++++ Exercise data ++++

(*
  Monomials in n variables are multisets over {..<n}, and a partition is a
  staircase: a finite down-closed set of such multisets.

  For an idempotent map f on {..<n}, the monomials x_j x_(f j)^e with e < s,
  together with 1, form a staircase with Hilbert function (1, n, ..., n) whose
  socle lies in degree s >= 3; f can be read off from its cubic monomials
  x_j x_(f j)^2.  Conversely, let a staircase have this Hilbert function and
  socle in degree >= 3.  Read its quadratic monomials as a graph on the
  variables, with a loop at k for x_k^2.  Vertices that are loops or adjacent
  to a loop inject into the edges meeting a loop, and every other vertex has
  at least two neighbours among the loop-free edges.  Since there are only n
  edges, both estimates are tight.  Counting the n cubic monomials then rules
  out the loop-free part, so the quadratic monomials are x_j x_(f j) for an
  idempotent f.  Each higher level is then forced by its facets.

  Hence alpha counts the idempotent maps of an n-set: choose the image K with k
  elements and map the other n - k points into K, giving
  sum_k (n choose k) k^(n-k).  Its exponential generating function is
  sum_k (t e^t)^k / k! = e^(t e^t).
*)
theory Submission
  imports Defs "HOL-Library.FuncSet"
begin

section \<open>Idempotent maps\<close>

definition idempotent_maps :: "nat \<Rightarrow> (nat \<Rightarrow> nat) set" where
  "idempotent_maps n = {f \<in> {..<n} \<rightarrow>\<^sub>E {..<n}. \<forall>j<n. f (f j) = f j}"

lemma bij_betw_idempotent_maps:
  "bij_betw (\<lambda>f. (f ` {..<n}, restrict f ({..<n} - f ` {..<n}))) (idempotent_maps n)
     (SIGMA K:Pow {..<n}. ({..<n} - K) \<rightarrow>\<^sub>E K)"
    (is "bij_betw ?split _ _")
proof -
  let ?glue = "\<lambda>(K, g) j. if j \<in> K then j else g j"
  have "?split (?glue (K, g)) = (K, g)" if "K \<subseteq> {..<n}" "g \<in> ({..<n} - K) \<rightarrow>\<^sub>E K" for K g
  proof -
    have "?glue (K, g) ` {..<n} = K"
      using that by (force simp: image_iff)
    moreover have "restrict (?glue (K, g)) ({..<n} - K) = g"
      using that by (auto simp: PiE_def extensional_def fun_eq_iff)
    ultimately show ?thesis by simp
  qed
  then show ?thesis
    by (intro bij_betw_byWitness[where f' = ?glue])
       (auto simp: idempotent_maps_def PiE_def Pi_def extensional_def fun_eq_iff subset_iff)
qed

lemma card_idempotent_maps:
  "card (idempotent_maps n) = (\<Sum>k\<le>n. (n choose k) * k ^ (n - k))"
proof -
  have "card (idempotent_maps n) = card (SIGMA K:Pow {..<n}. ({..<n} - K) \<rightarrow>\<^sub>E K)"
    using bij_betw_idempotent_maps by (rule bij_betw_same_card)
  also have "\<dots> = (\<Sum>K\<in>Pow {..<n}. card K ^ (n - card K))"
    by (subst card_SigmaI)
       (auto intro!: sum.cong finite_PiE intro: finite_subset
             simp: card_PiE card_Diff_subset finite_subset)
  also have "\<dots> = (\<Sum>k\<le>n. card {K \<in> Pow {..<n}. card K = k} * k ^ (n - k))"
    by (rule sum_fun_comp[where f = "\<lambda>k. k ^ (n - k)", simplified])
       (auto dest: card_mono[of "{..<n}", OF finite_lessThan])
  also have "\<dots> = (\<Sum>k\<le>n. (n choose k) * k ^ (n - k))"
    using n_subsets[of "{..<n}"] by (simp add: Pow_def)
  finally show ?thesis .
qed

section \<open>Partitions as staircases of multisets\<close>

definition level :: "'a multiset set \<Rightarrow> nat \<Rightarrow> 'a multiset set" where
  "level MS d = {M \<in> MS. size M = d}"

definition staircase :: "nat \<Rightarrow> nat multiset set \<Rightarrow> bool" where
  "staircase n MS \<longleftrightarrow> finite MS \<and> (\<forall>M\<in>MS. set_mset M \<subseteq> {..<n}) \<and>
     (\<forall>M\<in>MS. \<forall>N. N \<subseteq># M \<longrightarrow> N \<in> MS)"

lemma in_Nn_count_iff: "in_Nn n (count M) \<longleftrightarrow> set_mset M \<subseteq> {..<n}"
  by (auto simp: in_Nn_def count_eq_zero_iff) (meson leI lessThan_iff subsetD)

lemma count_Abs_multiset_in_Nn:
  assumes "in_Nn n x" shows "count (Abs_multiset x) = x"
proof -
  have "{i. 0 < x i} \<subseteq> {..<n}"
    using assms by (auto simp: in_Nn_def not_less[symmetric])
  then show ?thesis by (simp add: finite_subset)
qed

lemma inj_count: "inj count"
  by (simp add: inj_on_def count_inject)

lemma count_le_count_iff: "count N \<le> count M \<longleftrightarrow> N \<subseteq># M"
  by (simp add: le_fun_def subseteq_mset_def)

lemma deg_count:
  assumes "set_mset M \<subseteq> {..<n}" shows "deg n (count M) = size M"
proof -
  have "deg n (count M) = sum (count M) (set_mset M)"
    unfolding deg_def using assms
    by (intro sum.mono_neutral_right) (auto simp: count_eq_zero_iff)
  then show ?thesis by (simp add: size_multiset_overloaded_eq)
qed

lemma count_image_preimage:
  assumes "\<forall>x\<in>L. in_Nn n x" shows "count ` {M. count M \<in> L} = L"
proof
  show "L \<subseteq> count ` {M. count M \<in> L}"
  proof
    fix x assume "x \<in> L"
    then have "count (Abs_multiset x) = x" using assms count_Abs_multiset_in_Nn by blast
    with \<open>x \<in> L\<close> show "x \<in> count ` {M. count M \<in> L}" by (metis image_eqI mem_Collect_eq)
  qed
qed auto

lemma is_partition_count_image_iff: "is_partition n (count ` MS) \<longleftrightarrow> staircase n MS"
proof
  assume part: "is_partition n (count ` MS)"
  have down: "N \<in> MS" if "M \<in> MS" "N \<subseteq># M" for M N
  proof -
    have "in_Nn n (count N)"
      using part that set_mset_mono[OF that(2)]
      by (auto simp: is_partition_def in_Nn_count_iff)
    then have "count N \<in> count ` MS"
      using part that by (auto simp: is_partition_def count_le_count_iff)
    then show ?thesis by (auto dest: injD[OF inj_count])
  qed
  show "staircase n MS"
    using part down finite_imageD[OF _ inj_on_subset[OF inj_count]]
    by (auto simp: staircase_def is_partition_def in_Nn_count_iff)
next
  assume stair: "staircase n MS"
  have "y \<in> count ` MS" if "M \<in> MS" "in_Nn n y" "y \<le> count M" for M y
  proof -
    have "count (Abs_multiset y) = y"
      using that(2) by (rule count_Abs_multiset_in_Nn)
    with stair that have "Abs_multiset y \<in> MS"
      unfolding staircase_def by (metis count_le_count_iff)
    with \<open>count (Abs_multiset y) = y\<close> show ?thesis by (metis image_eqI)
  qed
  with stair show "is_partition n (count ` MS)"
    by (auto simp: is_partition_def staircase_def in_Nn_count_iff)
qed

lemma hilb_count_image:
  assumes "\<forall>M\<in>MS. set_mset M \<subseteq> {..<n}"
  shows "hilb n (count ` MS) d = card (level MS d)"
proof -
  have "{x \<in> count ` MS. deg n x = d} = count ` level MS d"
    using assms deg_count by (auto simp: level_def)
  then show ?thesis
    unfolding hilb_def by (simp add: card_image inj_on_subset[OF inj_count])
qed

lemma subset_mset_add_mset_if_psubset:
  assumes "M \<subset># N" obtains i where "add_mset i M \<subseteq># N"
proof -
  obtain C where "N = M + C" "C \<noteq> {#}"
    using assms by (metis add.right_neutral mset_subset_eq_exists_conv subset_mset_def)
  then obtain i where "i \<in># C" by blast
  then have "add_mset i M \<subseteq># N"
    using \<open>N = M + C\<close> by (metis add_mset_add_single mset_subset_eq_mono_add_left_cancel
      single_subset_iff)
  then show thesis by (rule that)
qed
lemma tent_eventually_near_max:
  assumes "0 < lam" "x < tent lam crit"
  shows "eventually (\<lambda>y. x < tent lam y \<and> tent lam y < tent lam crit) (at_right crit)"
proof -
  have lim: "((\<lambda>y. lam*(1-y)) \<longlongrightarrow> lam*(1-crit)) (at_right crit)" by (intro tendsto_intros)
  have "x < lam*(1-crit)" using assms(2) by (simp add: tent_def crit_def)
  from order_tendstoD(1)[OF lim this] eventually_at_right_less[of crit]
  show ?thesis by eventually_elim (use assms(1) in \<open>auto simp: tent_def crit_def\<close>)
qed

lemma kneading_0:
  assumes "1 < lam"
  shows "kneading lam 0 = S1"
proof -
  have lam: "0 < lam" using assms by simp
  have "crit < tent lam crit" using assms by (simp add: tent_def crit_def)
  from tent_eventually_near_max[OF lam this] kneading_eventually[OF lam, of 0]
  have "eventually (\<lambda>y. kneading lam 0 = S1) (at_right crit)"
    by eventually_elim (auto simp: itin_def addr_def)
  then show ?thesis by simp
qed

text \<open>The itinerary of the maximum T(c) is not below K: otherwise I(T y) would lie above
  it for y near c, although T y < T c.\<close>

lemma kneading_le_itin_max:
  assumes "1 < lam"
  shows "\<not> plex_less (itin lam (tent lam crit)) (kneading lam)"
proof
  have lam: "0 < lam" using assms by simp
  assume "plex_less (itin lam (tent lam crit)) (kneading lam)"
  then obtain j where j: "\<And>w. \<forall>i\<le>j. w i = kneading lam i \<Longrightarrow> plex_less (itin lam (tent lam crit)) w"
    using plex_less_open_right by blast
  have "eventually (\<lambda>y. \<forall>i\<in>{..j}. itin lam (tent lam y) i = kneading lam i) (at_right crit)"
    using kneading_eventually[OF lam] by (intro eventually_ball_finite) auto
  moreover have "crit < tent lam crit" using assms by (simp add: tent_def crit_def)
  note tent_eventually_near_max[OF lam this]
  ultimately have "eventually (\<lambda>y. plex_less (itin lam (tent lam crit)) (itin lam (tent lam y))
      \<and> tent lam y < tent lam crit) (at_right crit)"
    by eventually_elim (use j in auto)
  then obtain y where "plex_less (itin lam (tent lam crit)) (itin lam (tent lam y))"
      "tent lam y < tent lam crit"
    using eventually_happens by fastforce
  then show False using itin_not_reversed[OF lam] by fastforce
qed

text \<open>Conversely, a pre-critical point x < T(c) has itinerary strictly below K: if K were
  below I(x), so would be I(T y) for y near c, although x < T y.  Equality is excluded
  because K does not contain C.\<close>

lemma precritical_below_kneading:
  assumes "1 < lam" "x < tent lam crit" "itin lam x j = SC"
  shows "plex_less (itin lam x) (kneading lam)"
proof -
  have lam: "0 < lam" using assms by simp
  have not_above: "\<not> plex_less (kneading lam) (itin lam x)"
  proof
    assume "plex_less (kneading lam) (itin lam x)"
    then obtain j where j: "\<And>w. \<forall>i\<le>j. w i = kneading lam i \<Longrightarrow> plex_less w (itin lam x)"
      using plex_less_open_left by blast
    have "eventually (\<lambda>y. \<forall>i\<in>{..j}. itin lam (tent lam y) i = kneading lam i) (at_right crit)"
      using kneading_eventually[OF lam] by (intro eventually_ball_finite) auto
    moreover note tent_eventually_near_max[OF lam assms(2)]
    ultimately have "eventually (\<lambda>y. plex_less (itin lam (tent lam y)) (itin lam x)
        \<and> x < tent lam y) (at_right crit)"
      by eventually_elim (use j in auto)
    then obtain y where "plex_less (itin lam (tent lam y)) (itin lam x)" "x < tent lam y"
      using eventually_happens by fastforce
    then show False using itin_not_reversed[OF lam] by fastforce
  qed
  have "itin lam x \<noteq> kneading lam" using assms(3) kneading_not_SC[OF lam] by metis
  then show ?thesis using plex_less_total not_above by blast
qed
(* Let $\mathcal{X},\mathcal{Y}$ be stationary finite Markov chains and $C:{\bm X}\times{\bm Y}\to\mathbb{R}_+$ a cost function. Then $$d_{\mathrm{OTC}}(\mathcal{X},\mathcal{Y};C)=\lim_{\delta\to0}d^{\delta,(\infty)}_{\mathrm{WL}}(\mathcal{X},\mathcal{Y};C),\quad\text{and hence}\quad d_{\mathrm{OTC}}(\mathcal{X},\mathcal{Y};C)=\lim_{\delta\to0}\lim_{k\to\infty}d^{\delta,(k)}_{\mathrm{WL}}(\mathcal{X},\mathcal{Y};C).$$
   Context: A finite Markov chain $\mathcal{X}=({\bm X},m^{\bm X}_\bullet,\nu^{\bm X})$ consists of a finite set ${\bm X}$, a transition kernel $m^{\bm X}_\bullet:{\bm X}\to\mathcal{P}({\bm X})$ and an initial distribution $\nu^{\bm X}$; it is stationary if $\nu^{\bm X}$ is stationary for $m^{\bm X}_\bullet$. $\mathcal{C}(\alpha,\beta)$ denotes the set of couplings. A Markovian coupling between $\mathcal{X}$ and $\mathcal{Y}$ is a (possibly time-inhomogeneous) Markov chain $(X_t,Y_t)_{t\in\mathbb{N}}$ on ${\bm X}\times{\bm Y}$ with $\mathrm{law}(X_0,Y_0)\in\mathcal{C}(\nu^{\bm X},\nu^{\bm Y})$ and, for all $t,x,y$, the conditional law of $(X_{t+1},Y_{t+1})$ given $(X_t,Y_t)=(x,y)$ in $\mathcal{C}(m^{\bm X}_x,m^{\bm Y}_y)$; it is time homogeneous if these laws do not depend on $t$. $\Pi(\mathcal{X},\mathcal{Y})$ is the set of Markovian couplings. $d_{\mathrm{OTC}}(\mathcal{X},\mathcal{Y};C)=\inf\mathbb{E}\,C(X_0,Y_0)$ over time homogeneous Markovian couplings whose initial distribution is stationary for the coupled chain. For $\delta\in(0,1]$: $d^{\delta,(k)}_{\mathrm{WL}}(\mathcal{X},\mathcal{Y};C)=\inf_{\Pi(\mathcal{X},\mathcal{Y})}\mathbb{E}\big[\sum_{t=0}^{k-1}\delta(1-\delta)^tC(X_t,Y_t)+(1-\delta)^kC(X_k,Y_k)\big]$ for $k\in\mathbb{N}$ and $d^{\delta,(\infty)}_{\mathrm{WL}}(\mathcal{X},\mathcal{Y};C)=\inf_{\Pi(\mathcal{X},\mathcal{Y})}\mathbb{E}\big[\sum_{t=0}^{\infty}\delta(1-\delta)^tC(X_t,Y_t)\big]$. *)

theory Defs
  imports "HOL-Probability.Probability"
begin

text \<open>A finite Markov chain on a finite type 'a is given by a transition kernel
  m :: 'a \<Rightarrow> 'a pmf and an initial distribution \<nu> :: 'a pmf.\<close>

definition stationary :: "('a \<Rightarrow> 'a pmf) \<Rightarrow> 'a pmf \<Rightarrow> bool" where
  "stationary m \<nu> \<longleftrightarrow> bind_pmf \<nu> m = \<nu>"

definition couplings :: "'a pmf \<Rightarrow> 'b pmf \<Rightarrow> ('a \<times> 'b) pmf set" where
  "couplings \<alpha> \<beta> = {\<pi>. map_pmf fst \<pi> = \<alpha> \<and> map_pmf snd \<pi> = \<beta>}"

definition markov_couplings ::
  "('a \<Rightarrow> 'a pmf) \<Rightarrow> 'a pmf \<Rightarrow> ('b \<Rightarrow> 'b pmf) \<Rightarrow> 'b pmf
   \<Rightarrow> (('a \<times> 'b) pmf \<times> (nat \<Rightarrow> 'a \<times> 'b \<Rightarrow> ('a \<times> 'b) pmf)) set" where
  "markov_couplings mX \<nu>X mY \<nu>Y =
     {(\<pi>0, K). \<pi>0 \<in> couplings \<nu>X \<nu>Y \<and>
        (\<forall>t x y. K t (x, y) \<in> couplings (mX x) (mY y))}"

text \<open>Law of (X_t, Y_t).\<close>
primrec coupled_law ::
  "('a \<times> 'b) pmf \<Rightarrow> (nat \<Rightarrow> 'a \<times> 'b \<Rightarrow> ('a \<times> 'b) pmf) \<Rightarrow> nat \<Rightarrow> ('a \<times> 'b) pmf" where
  "coupled_law \<pi>0 K 0 = \<pi>0"
| "coupled_law \<pi>0 K (Suc t) = bind_pmf (coupled_law \<pi>0 K t) (K t)"

definition exp_cost :: "('a \<Rightarrow> 'b \<Rightarrow> real) \<Rightarrow> ('a \<times> 'b) pmf \<Rightarrow> real" where
  "exp_cost C p = measure_pmf.expectation p (\<lambda>(x, y). C x y)"

definition d_OTC ::
  "('a \<Rightarrow> 'a pmf) \<Rightarrow> 'a pmf \<Rightarrow> ('b \<Rightarrow> 'b pmf) \<Rightarrow> 'b pmf \<Rightarrow> ('a \<Rightarrow> 'b \<Rightarrow> real) \<Rightarrow> real" where
  "d_OTC mX \<nu>X mY \<nu>Y C =
     Inf {exp_cost C \<pi>0 | \<pi>0 K.
            \<pi>0 \<in> couplings \<nu>X \<nu>Y \<and>
            (\<forall>x y. K (x, y) \<in> couplings (mX x) (mY y)) \<and>
            bind_pmf \<pi>0 K = \<pi>0}"

definition d_WL_k ::
  "real \<Rightarrow> nat \<Rightarrow> ('a \<Rightarrow> 'a pmf) \<Rightarrow> 'a pmf \<Rightarrow> ('b \<Rightarrow> 'b pmf) \<Rightarrow> 'b pmf
   \<Rightarrow> ('a \<Rightarrow> 'b \<Rightarrow> real) \<Rightarrow> real" where
  "d_WL_k \<delta> k mX \<nu>X mY \<nu>Y C =
     Inf {(\<Sum>t<k. \<delta> * (1 - \<delta>) ^ t * exp_cost C (coupled_law \<pi>0 K t))
            + (1 - \<delta>) ^ k * exp_cost C (coupled_law \<pi>0 K k) | \<pi>0 K.
          (\<pi>0, K) \<in> markov_couplings mX \<nu>X mY \<nu>Y}"

definition d_WL_inf ::
  "real \<Rightarrow> ('a \<Rightarrow> 'a pmf) \<Rightarrow> 'a pmf \<Rightarrow> ('b \<Rightarrow> 'b pmf) \<Rightarrow> 'b pmf
   \<Rightarrow> ('a \<Rightarrow> 'b \<Rightarrow> real) \<Rightarrow> real" where
  "d_WL_inf \<delta> mX \<nu>X mY \<nu>Y C =
     Inf {(\<Sum>t. \<delta> * (1 - \<delta>) ^ t * exp_cost C (coupled_law \<pi>0 K t)) | \<pi>0 K.
          (\<pi>0, K) \<in> markov_couplings mX \<nu>X mY \<nu>Y}"

end

(* For a Markovian coupling (pi0, K) and a discount delta, let mu(z) = sum_t delta (1 - delta)^t P(Z_t = z)
   be the discounted occupation measure and G(z, w) = sum_t delta (1 - delta)^t P(Z_t = z) K_t(z)(w) the
   discounted measure of transitions. The discounted WL cost is the mu-average of C; mu couples the two
   stationary laws because every Z_t does; row z of G is mu(z) times a coupling of the two transition
   kernels; and shifting time by one step shows that inflow and outflow of G differ by at most delta at
   every state. These conditions are linear in G and G lies in a bounded set, so as delta -> 0 a
   subsequence converges to a balanced G, whose normalised rows form a stationary time-homogeneous
   coupling with cost at most the limit of the WL costs. Conversely a stationary coupling is a Markovian
   coupling with constant law, so d_WL^delta <= d_OTC. Finally the k-step objective differs from the
   infinite one by at most (1 - delta)^k sum C, uniformly in the coupling. *)

theory Submission
  imports Defs
begin

lemma pmf_map_finite:
  fixes p :: "'a::finite pmf"
  shows "pmf (map_pmf f p) x = (\<Sum>z\<in>f -` {x}. pmf p z)"
  by (simp add: pmf_map measure_measure_pmf_finite)

lemma expectation_finite:
  fixes p :: "'a::finite pmf" and g :: "'a \<Rightarrow> real"
  shows "measure_pmf.expectation p g = (\<Sum>z\<in>UNIV. pmf p z * g z)"
  by (subst integral_measure_pmf[of UNIV]) auto

lemma pmf_bind_finite:
  fixes p :: "'a::finite pmf"
  shows "pmf (bind_pmf p f) x = (\<Sum>z\<in>UNIV. pmf p z * pmf (f z) x)"
  by (simp add: pmf_bind expectation_finite)

lemma bind_pmf_eq_of_balance:
  fixes \<pi> :: "'a::finite pmf"
  assumes "\<And>z w. pmf \<pi> z * pmf (K z) w = G z w" and "\<And>w. (\<Sum>z\<in>UNIV. G z w) = pmf \<pi> w"
  shows "bind_pmf \<pi> K = \<pi>"
  by (rule pmf_eqI) (simp add: pmf_bind_finite assms)

lemma pmf_embed_pmf_finite:
  fixes f :: "'a::finite \<Rightarrow> real"
  assumes "\<And>x. 0 \<le> f x" and "(\<Sum>x\<in>UNIV. f x) = 1"
  shows "pmf (embed_pmf f) x = f x"
proof (rule pmf_embed_pmf)
  show "(\<integral>\<^sup>+x. ennreal (f x) \<partial>count_space UNIV) = 1"
    using assms by (simp add: nn_integral_count_space_finite sum_ennreal)
qed (use assms in auto)

lemma bind_pair_pmf_product:
  "bind_pmf (pair_pmf A B) (\<lambda>z. pair_pmf (f (fst z)) (g (snd z))) = pair_pmf (bind_pmf A f) (bind_pmf B g)"
  unfolding pair_pmf_def bind_assoc_pmf bind_return_pmf
  by (simp add: bind_commute_pmf[of B])

lemma exp_cost_finite:
  fixes p :: "('a::finite \<times> 'b::finite) pmf"
  shows "exp_cost C p = (\<Sum>z\<in>UNIV. pmf p z * C (fst z) (snd z))"
  unfolding exp_cost_def expectation_finite by (simp add: case_prod_beta)

lemma exp_cost_nonneg:
  fixes p :: "('a::finite \<times> 'b::finite) pmf"
  assumes "\<And>x y. 0 \<le> C x y"
  shows "0 \<le> exp_cost C p"
  unfolding exp_cost_finite using assms by (simp add: sum_nonneg)

lemma exp_cost_le_sum:
  fixes p :: "('a::finite \<times> 'b::finite) pmf"
  assumes "\<And>x y. 0 \<le> C x y"
  shows "exp_cost C p \<le> (\<Sum>z\<in>UNIV. C (fst z) (snd z))"
proof -
  have "exp_cost C p \<le> (\<Sum>z\<in>UNIV. pmf p z * (\<Sum>z\<in>UNIV. C (fst z) (snd z)))"
    unfolding exp_cost_finite
    by (intro sum_mono mult_left_mono member_le_sum) (auto simp: assms)
  also have "\<dots> = (\<Sum>z\<in>UNIV. C (fst z) (snd z))"
    by (simp add: sum_distrib_right[symmetric] sum_pmf_eq_1)
  finally show ?thesis .
qed

lemma cInf_image_le_plus:
  fixes f g :: "'a \<Rightarrow> real"
  assumes "A \<noteq> {}" and "bdd_below (f ` A)" and "\<And>p. p \<in> A \<Longrightarrow> f p \<le> g p + e"
  shows "Inf (f ` A) \<le> Inf (g ` A) + e"
proof -
  have "Inf (f ` A) - e \<le> Inf (g ` A)"
  proof (rule cInf_greatest)
    fix v
    assume "v \<in> g ` A"
    then obtain p where "p \<in> A" "v = g p"
      by auto
    with assms(2,3) show "Inf (f ` A) - e \<le> v"
      using cInf_lower[of "f p" "f ` A"] by fastforce
  qed (use assms(1) in auto)
  then show ?thesis
    by simp
qed

lemma bounded_functions_convergent_subseq:
  fixes f :: "nat \<Rightarrow> 'a::finite \<Rightarrow> real"
  assumes "\<And>n x. \<bar>f n x\<bar> \<le> B"
  obtains r g where "strict_mono r" and "\<And>x. (\<lambda>n. f (r n) x) \<longlonglongrightarrow> g x"
proof -
  have "\<exists>g r. strict_mono r \<and> (\<forall>\<epsilon>>0. \<forall>\<^sub>F n in sequentially. \<forall>x\<in>UNIV. dist (f (r n) x) (g x) < \<epsilon>)"
    by (rule compact_lemma_general[where proj = "\<lambda>h x. h x" and unproj = id and basis = UNIV, rule_format])
      (use assms in \<open>auto simp: bounded_iff\<close>)
  then obtain g r where r: "strict_mono r"
    and conv: "\<And>\<epsilon>. 0 < \<epsilon> \<Longrightarrow> \<forall>\<^sub>F n in sequentially. \<forall>x. dist (f (r n) x) (g x) < \<epsilon>"
    by auto
  show ?thesis
  proof (rule that[OF r])
    show "(\<lambda>n. f (r n) x) \<longlonglongrightarrow> g x" for x
    proof (rule tendstoI)
      fix \<epsilon> :: real
      assume "0 < \<epsilon>"
      from conv[OF this] show "\<forall>\<^sub>F n in sequentially. dist (f (r n) x) (g x) < \<epsilon>"
        by (rule eventually_mono) blast
    qed
  qed
qed

section \<open>Geometric discounting\<close>

definition discounted :: "real \<Rightarrow> (nat \<Rightarrow> real) \<Rightarrow> real" where
  "discounted \<delta> a = (\<Sum>t. \<delta> * (1 - \<delta>) ^ t * a t)"

context
  fixes \<delta> :: real
  assumes \<delta>_pos: "0 < \<delta>" and \<delta>_le_1: "\<delta> \<le> 1"
begin

lemma discount_weights_sums: "(\<lambda>t. \<delta> * (1 - \<delta>) ^ t) sums 1"
proof -
  have "(\<lambda>t. (1 - \<delta>) ^ t) sums (1 / (1 - (1 - \<delta>)))"
    by (rule geometric_sums) (use \<delta>_pos \<delta>_le_1 in auto)
  from sums_mult[OF this, of \<delta>] show ?thesis
    using \<delta>_pos by simp
qed

lemma summable_discounted:
  assumes "\<And>t. \<bar>a t\<bar> \<le> B"
  shows "summable (\<lambda>t. \<delta> * (1 - \<delta>) ^ t * a t)"
proof (rule summable_comparison_test)
  show "summable (\<lambda>t. \<delta> * (1 - \<delta>) ^ t * B)"
    using sums_summable[OF sums_mult2[OF discount_weights_sums]] .
  show "\<exists>N. \<forall>t\<ge>N. norm (\<delta> * (1 - \<delta>) ^ t * a t) \<le> \<delta> * (1 - \<delta>) ^ t * B"
    using assms \<delta>_pos \<delta>_le_1 by (auto simp: abs_mult intro!: mult_left_mono)
qed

++++

◆ **Your goal**: In the entries above, find each line with "choose" and list it.

◆ **Solution**:
  Hence alpha counts the idempotent maps of an n-set: choose the image K with k
  sum_k (n choose k) k^(n-k).  Its exponential generating function is
  "card (idempotent_maps n) = (\<Sum>k\<le>n. (n choose k) * k ^ (n - k))"
  also have "\<dots> = (\<Sum>k\<le>n. (n choose k) * k ^ (n - k))"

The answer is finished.